-2

Is there an appropriate way to do R style logistic regression where I avoid using loops, but I can have multiple regressions for each level in a particular factor?

For example, assume df is 365 daily rows with a binary to say whether or not it rained:

multifactorglm(x){
  glm(rained ~ temp + humidity, data=x, family="binomial")
}
tapply(df, month, multifactorglm)

This won't run in R with the following message...

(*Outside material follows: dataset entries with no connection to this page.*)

lemma amom_combination_identity:
  assumes i: "i \<in> {1,2,3}"
  defines "j \<equiv> nx i" and "k \<equiv> nx (nx i)"
  shows "8 * m 1 * m 2 * m 3 * sarea a t
      * ((mI m a j t + mI m a k t) * amom i t - mI m a i t * (amom j t + amom k t))
    = (Cc m a k t * mI m a k t - Cc m a j t * mI m a j t) * deriv (mI m a i) t
      - mI m a i t * (Cc m a i t + 2 * m j * mI m a k t) * deriv (mI m a j) t
      + mI m a i t * (Cc m a i t + 2 * m k * mI m a j t) * deriv (mI m a k) t"
    (is "?D * ?N = ?R")
proof -
  have ijk: "l \<in> {1,2,3}" if "l \<in> {i, j, k}" for l
    using that i by (auto simp: j_def k_def)
  have "4 * m i * m j * m k * cross2 (a j t - a i t) (a k t - a i t) = ?D"
    using prod_nx_cycle[OF i, of m] sarea_nx_cycle[OF i, of a t] by (simp add: j_def k_def)
  moreover have "4 * m i * m j * m k * cross2 (a j t - a i t) (a k t - a i t) * ?N = ?R"
  proof (rule centred_triangle_identity[where p = "\<lambda>l. a l t" and v = "\<lambda>l. vel l t"])
    show "m i + m j + m k = 1"
      using sum_nx_cycle[OF i, of m] msum by (simp add: j_def k_def)
    show "m i *\<^sub>R a i t + m j *\<^sub>R a j t + m k *\<^sub>R a k t = 0"
      using sum_nx_cycle[OF i, of "\<lambda>l. m l *\<^sub>R a l t"] com by (simp add: j_def k_def)
    show "m i *\<^sub>R vel i t + m j *\<^sub>R vel j t + m k *\<^sub>R vel k t = 0"
      using sum_nx_cycle[OF i, of "\<lambda>l. m l *\<^sub>R vel l t"] vel_centred by (simp add: j_def k_def)
    show "mI m a l t = m l * (norm (a l t))\<^sup>2" for l
      by (simp add: mI_def)
    show "deriv (mI m a l) t = 2 * m l * (a l t \<bullet> vel l t)" if "l \<in> {i, j, k}" for l
      using deriv_mI ijk[OF that] .
    show "Cc m a l t = m i * mI m a i t + m j * mI m a j t + m k * mI m a k t - 2 * m l * mI m a l t"
      if "l \<in> {i, j, k}" for l
      using Cc_conv_sum[OF ijk[OF that]] sum_nx_cycle[OF i, of "\<lambda>l. m l * mI m a l t"]
      by (simp add: j_def k_def)
  qed simp
  ultimately show ?thesis by (simp only:)
qed

lemma angmom_nx_cycle:
  "i \<in> {1,2,3} \<Longrightarrow> angmom m a t = amom i t + amom (nx i) t + amom (nx (nx i)) t"
  using sum_nx_cycle[of i "\<lambda>l. amom l t"] by (simp add: angmom_def)

lemma deriv_alpha_combination:
  assumes i: "i \<in> {1,2,3}" and cont: "\<forall>l\<in>{1,2,3}. isCont (phi l) t" and pos: "sarea a t > 0"
  defines "j \<equiv> nx i" and "k \<equiv> nx (nx i)"
  shows "mI m a k t * deriv (alpha a j) t - mI m a j t * deriv (alpha a k) t
    = ((mI m a j t + mI m a k t) * amom i t - mI m a i t * (amom j t + amom k t)) / mI m a i t"
proof -
  have jk: "j \<in> {1,2,3}" "k \<in> {1,2,3}"
    unfolding j_def k_def by (rule nx_in)+
  have I: "mI m a l t > 0" if "l \<in> {1,2,3}" for l
    using mI_pos[OF _ that] pos by simp
  have w: "deriv (phi l) t = amom l t / mI m a l t" if "l \<in> {1,2,3}" for l
    using deriv_phi[OF that bspec[OF cont that]] pos by simp
  have "deriv (alpha a j) t = deriv (phi i) t - deriv (phi k) t"
    and "deriv (alpha a k) t = deriv (phi j) t - deriv (phi i) t"
    using deriv_alpha[OF jk(1) cont pos] deriv_alpha[OF jk(2) cont pos] nx_nx_nx[OF i]
    by (simp_all add: j_def k_def)
  then show ?thesis
    unfolding w[OF i] w[OF jk(1)] w[OF jk(2)]
    using I[OF i] I[OF jk(1)] I[OF jk(2)] by (simp add: field_simps)
qed

lemma angular_velocity_split:
  assumes i: "i \<in> {1,2,3}" and cont: "\<forall>l\<in>{1,2,3}. isCont (phi l) t" and pos: "sarea a t > 0"
  defines "j \<equiv> nx i" and "k \<equiv> nx (nx i)"
  shows "deriv (phi i) t
    = (mI m a k t * deriv (alpha a j) t - mI m a j t * deriv (alpha a k) t) / totI m a t
      + angmom m a t / totI m a t"
proof -
  have jk: "j \<in> {1,2,3}" "k \<in> {1,2,3}"
    unfolding j_def k_def by (rule nx_in)+
  have I: "mI m a i t > 0" "mI m a j t > 0" "mI m a k t > 0"
    using mI_pos pos i jk by simp_all
  have "(mI m a k t * deriv (alpha a j) t - mI m a j t * deriv (alpha a k) t) + angmom m a t
      = ((mI m a j t + mI m a k t) * amom i t - mI m a i t * (amom j t + amom k t)) / mI m a i t
        + (amom i t + amom j t + amom k t)"
    using deriv_alpha_combination[OF i cont pos] angmom_nx_cycle[OF i] by (simp add: j_def k_def)
  also have "\<dots> = totI m a t * (amom i t / mI m a i t)"
    using I totI_nx_cycle[OF i] by (simp add: j_def k_def field_simps)
  also have "amom i t / mI m a i t = deriv (phi i) t"
    using deriv_phi[OF i bspec[OF cont i]] pos by simp
  finally show ?thesis
    using I totI_nx_cycle[OF i] unfolding j_def k_def by (simp add: add_divide_distrib[symmetric])
qed

lemma omega0_formula:
  assumes i: "i \<in> {1,2,3}" and cont: "\<forall>l\<in>{1,2,3}. isCont (phi l) t" and pos: "sarea a t > 0"
  defines "j \<equiv> nx i" and "k \<equiv> nx (nx i)"
  shows "(mI m a k t * deriv (alpha a j) t - mI m a j t * deriv (alpha a k) t) / totI m a t
    = ((Cc m a k t * mI m a k t - Cc m a j t * mI m a j t) * deriv (mI m a i) t / mI m a i t
        - (Cc m a i t + 2 * m j * mI m a k t) * deriv (mI m a j) t
        + (Cc m a i t + 2 * m k * mI m a j t) * deriv (mI m a k) t)
      / (8 * m 1 * m 2 * m 3 * sarea a t * totI m a t)"
    (is "?X / ?I = ?R / (?D * ?I)")
proof -
  define N where
    "N = (mI m a j t + mI m a k t) * amom i t - mI m a i t * (amom j t + amom k t)"
  have jk: "j \<in> {1,2,3}" "k \<in> {1,2,3}"
    unfolding j_def k_def by (rule nx_in)+
  have I: "mI m a i t > 0" "mI m a j t > 0" "mI m a k t > 0"
    using mI_pos pos i jk by simp_all
  then have "?I > 0"
    using totI_nx_cycle[OF i] unfolding j_def k_def by simp
  moreover have "?D \<noteq> 0"
    using mpos pos by simp
  moreover have "?X = N / mI m a i t"
    using deriv_alpha_combination[OF i cont pos] by (simp add: N_def j_def k_def)
  moreover have "?R = ?D * N / mI m a i t"
    using amom_combination_identity[OF i, of t] I(1)
    by (simp add: N_def j_def k_def field_simps)
  ultimately show ?thesis
    by simp
qed

end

Error: unexpected '{' in "multifactorglm(x){"
>   glm(rained ~ temp + humidity, data=x, family="binomial")
Error in eval(predvars, data, env) : 
  numeric 'envir' arg not of length one
> }
Error: unexpected '}' in "}"
> 

I would like to have as a result a vector of 12 glm regressions, but I don't want to use a loop. What do I do?

JoeBass
  • 519
  • 7
  • 18
  • 2
    this looks more like a typo. Could you please provide a reproducible example? Also ... see `lme4::lmList` (which does GLMs as well as linear models) – Ben Bolker May 06 '15 at 16:33
  • Agree the error message suggests a typo. `tapply` is a disguised loop. If there is no compelling reason, such as a homework problem specification, then just use the direct and equally efficient `for` loop passing the month value and using the subset argument to `glm`. I can think of an entirely loopless method using 'month' as an interaction with the other variables but interpreting the output will seem a tad Baroque. If you want a vector or matrix, you will need to extract the coefficients because the result of `glm` is a list. – IRTFM May 06 '15 at 16:36

1 Answers1

3

I think the error is caused by failing to understand R's syntax to define a function (and a further error in not knowing that column names such as "month" are not available as global variables. Try instead:

multifactorglm <- function(x){
  glm(rained ~ temp + humidity, data=x, family="binomial")
}
do.call(rbind, do(df, df$month, multifactorglm) )

If you really wanted an entirely numeric result it might be:

multifactorglm<- function(x){
  coef( glm(rained ~ temp + humidity, data=x, family="binomial") )
}
do.call( rbind, do(df, df$month, multifactorglm) )

...Which I think will be a matrix with 3 columns (Intercept and two parameter columns) ... although it's untested in the absence of data. Looking at my first effort I realized tht tapply will not split dataframes properly. You probably need to use either lapply (split(df, df$month) ,multifactorglm) or the do function which internally uses tapply on the rownames.

IRTFM
  • 258,963
  • 21
  • 364
  • 487